THE EUROPEAN COMMISSION SUFFERED A MAJOR setback in July 2006 when, for the first time ever, the Court of First Instance (CFI) annulled one of the Commission's merger clearance decisions. In July 2008 the Commission was redeemed when the European Court of Justice (ECJ) overruled the CFI and issued a key decision in the area of European merger control.
BACKGROUND
In July 2004 the Commission unconditionally cleared the creation of a joint venture (Sony BMG) between Sony Corporation and Bertelsmann AG, following what was later described by the ECJ as a 'fundamental U-turn' over the question of whether the merger might strengthen a collective dominant position. While in its statement of objections (SO) the Commission had provisionally concluded that the joint venture would strengthen a collective dominant position between Sony BMG, Universal, Warner and EMI, in both the recorded music market and in the wholesale market for licences for online music, the parties were ultimately able to convince the Commission that the market was not transparent enough to allow tacit collusion on price.
However, Impala, a trade association representing a number of independent music companies, lodged an appeal against the decision and in July 2006 the CFI annulled the Commission's clearance, concluding that the Commission had not applied a sufficiently high standard of proof to the evidence submitted by the parties in response to the SO (Impala v Commission [2006]).
The joint venture (which completed in 2004) was then renotified to the Commission and was cleared unconditionally in October 2007. This second clearance decision was also appealed by Impala to the CFI.
ECJ JUDGMENT
In July 2008, nearly four years after the Commission's original clearance decision, the ECJ overturned the 2006 ruling by the CFI (Bertelsmann & Sony Corporation of America v Impala [2008]). The ECJ found that the CFI had placed too much reliance on the contents of the SO when reaching its decision, taking insufficient account of the fact that the contents of the SO could be reassessed in light of material subsequently submitted by the parties. The ECJ thus concluded that, despite the fact that throughout the investigation the case team had considered that the market was sufficiently transparent to allow tacit collusion on price, the Commission was entitled to reach the opposite conclusion in its final decision.

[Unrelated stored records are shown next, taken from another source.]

lemma gauss_density_le_ridge:
  fixes C :: "real^'n^'n" and v x :: "real^'n"
  assumes pd: "pos_def_matrix C" and det: "det C > 0"
    and eig: "C *v v = lam *\<^sub>R v" and nv: "norm v = 1"
  shows "gauss_density C x \<le> exp (- (v \<bullet> x)\<^sup>2 / (2 * lam)) / sqrt ((2 * pi) ^ CARD('n) * det C)"
proof -
  have inv: "invertible C" using det by (simp add: invertible_det_nz)
  have "- (x \<bullet> (matrix_inv C *v x)) / 2 \<le> - (v \<bullet> x)\<^sup>2 / (2 * lam)"
    using pos_def_eigenvalue_pos[OF pd eig nv] eigenvector_quadratic_bound[OF pd inv eig nv, of x]
    by (simp add: field_simps)
  then show ?thesis
    unfolding gauss_density_def using det by (intro divide_right_mono) auto
qed

section \<open>The bound for a fixed Gaussian vector\<close>

lemma vec_ball_Basis:
  fixes P :: "real^'n \<Rightarrow> bool"
  shows "(\<forall>b\<in>Basis. P b) \<longleftrightarrow> (\<forall>j. P (axis j 1))"
  by (auto simp: Basis_vec_def)

lemma vec_prod_Basis:
  fixes f :: "real^'n \<Rightarrow> real"
  shows "(\<Prod>b\<in>Basis. f b) = (\<Prod>j\<in>UNIV. f (axis j 1))"
proof -
  have "Basis = (\<lambda>j. axis j (1::real)) ` (UNIV :: 'n set)" by (auto simp: Basis_vec_def)
  moreover have "inj (\<lambda>j. axis j (1::real) :: real^'n)" by (auto simp: inj_def axis_eq_axis)
  ultimately show ?thesis using prod.reindex[of "\<lambda>j. axis j (1::real) :: real^'n" UNIV f] by simp
qed

lemma prod_nonzero_of_sign_pattern:
  fixes s w :: "real^'n"
  assumes "\<forall>j. s $ j * w $ j > 0"
  shows "(\<Prod>j\<in>UNIV. w $ j) \<noteq> 0"
proof -
  have "w $ j \<noteq> 0" for j using assms by (metis less_irrefl mult_zero_right)
  then show ?thesis by simp
qed

lemma gauss_orthant_probability_le:
  fixes s v :: "real^'n" and M :: "'a measure" and T :: "'a \<Rightarrow> real^'n" and C :: "real^'n^'n"
  assumes "prob_space M" and pd: "pos_def_matrix C" and det: "det C > 0"
    and gauss: "distributed M lborel T (\<lambda>x. ennreal (gauss_density C x))"
    and eig: "C *v v = lam *\<^sub>R v" and nv: "norm v = 1"
    and sv: "\<forall>j. s $ j * v $ j > 0"
  shows "measure M {\<omega> \<in> space M. \<forall>j. s $ j * T \<omega> $ j \<ge> 0}
       \<le> sqrt lam ^ CARD('n) / \<bar>\<Prod>j\<in>UNIV. v $ j\<bar> * orthant_const CARD('n)
           / sqrt ((2 * pi) ^ CARD('n) * det C)"
proof -
  interpret prob_space M by fact
  define Orth where "Orth = {x::real^'n. \<forall>j. 0 \<le> s $ j * x $ j}"
  define c where "c = 1 / sqrt ((2 * pi) ^ CARD('n) * det C)"
  have c_pos: "c > 0" unfolding c_def using det by simp
  have lam_pos: "lam > 0" by (rule pos_def_eigenvalue_pos[OF pd eig nv])
  have in_Orth: "(\<forall>b\<in>Basis. 0 \<le> (s \<bullet> b) * (x \<bullet> b)) \<longleftrightarrow> x \<in> Orth" for x
    unfolding vec_ball_Basis Orth_def by (simp add: inner_axis)
  have sv_Basis: "\<forall>b\<in>Basis. (s \<bullet> b) * (v \<bullet> b) > 0"
    unfolding vec_ball_Basis using sv by (simp add: inner_axis)
  have prod_v: "(\<Prod>b\<in>Basis. \<bar>v \<bullet> b\<bar>) = \<bar>\<Prod>j\<in>UNIV. v $ j\<bar>"
    unfolding vec_prod_Basis by (simp add: inner_axis abs_prod)
  have "ennreal (measure M {\<omega> \<in> space M. \<forall>j. s $ j * T \<omega> $ j \<ge> 0}) = emeasure M (T -` Orth \<inter> space M)"
    unfolding Orth_def by (simp add: emeasure_eq_measure Int_def conj_commute)
  also have "\<dots> = (\<integral>\<^sup>+x. ennreal (gauss_density C x) * indicator Orth x \<partial>lborel)"
    by (rule distributed_emeasure[OF gauss]) (simp add: Orth_def)
  also have "\<dots> \<le> (\<integral>\<^sup>+x. ennreal (if (\<forall>b\<in>Basis. 0 \<le> (s \<bullet> b) * (x \<bullet> b))
                             then exp (- (v \<bullet> x)\<^sup>2 / (2 * lam)) else 0) * ennreal c \<partial>lborel)"
    using gauss_density_le_ridge[OF pd det eig nv] c_pos
    by (intro nn_integral_mono)
       (auto simp: in_Orth indicator_def c_def ennreal_mult[symmetric] intro!: ennreal_leI)
  also have "\<dots> = ennreal (sqrt lam ^ CARD('n) / \<bar>\<Prod>j\<in>UNIV. v $ j\<bar> * orthant_const CARD('n)) * ennreal c"
    by (subst nn_integral_multc) (auto simp: nn_integral_orthant_ridge[OF lam_pos sv_Basis] prod_v)
  also have "\<dots> = ennreal (sqrt lam ^ CARD('n) / \<bar>\<Prod>j\<in>UNIV. v $ j\<bar> * orthant_const CARD('n) * c)"
    using lam_pos c_pos orthant_const_pos[of "CARD('n)"] by (subst ennreal_mult[symmetric]) auto
  finally show ?thesis
    unfolding c_def using lam_pos orthant_const_pos[of "CARD('n)"] det
    by (subst (asm) ennreal_le_iff) auto
qed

Furthermore, the ECJ found that the Commission was not obliged to offer any explanation for the difference between the findings set out in the SO and the final decision, and that, given the strict time constraints inherent in a merger investigation, the Commission should not be required to send out detailed information requests to market participants after the publication of the SO. However, the ECJ dismissed Sony BMG's claim that the Commission is obliged to satisfy a higher standard of proof when it is prohibiting a merger than when it is approving one, confirming that there is no general presumption that a merger will not harm competition. However, the ECJ did acknowledge that the question of evidence is a particularly important one when prohibiting a merger on the basis of complex economic arguments such as those employed when analysing the issue of collective dominance.
COMMENT
This judgment is likely to be welcomed by practitioners since it confirms that new evidence introduced at the end of an investigation can convince the Commission of the merits of a merger, even where the Commission has taken the opposite view throughout a case. The ruling is also likely to mean that merging parties are now less concerned about the implications of adverse findings being set out in the SO. Finally, it provides welcome clarification of the issue of the standard of proof to be applied in merger decisions. Paradoxically, the ECJ's decision regarding the approval of the formation of the Sony BMG joint venture comes just on the heels of Sony's announcement that it intended to end it by buying Bertelsmann out. Sony filed its application for clearance of that transaction with the Commission in August 2008 and the first-phase clearance deadline was scheduled for mid-September 2008.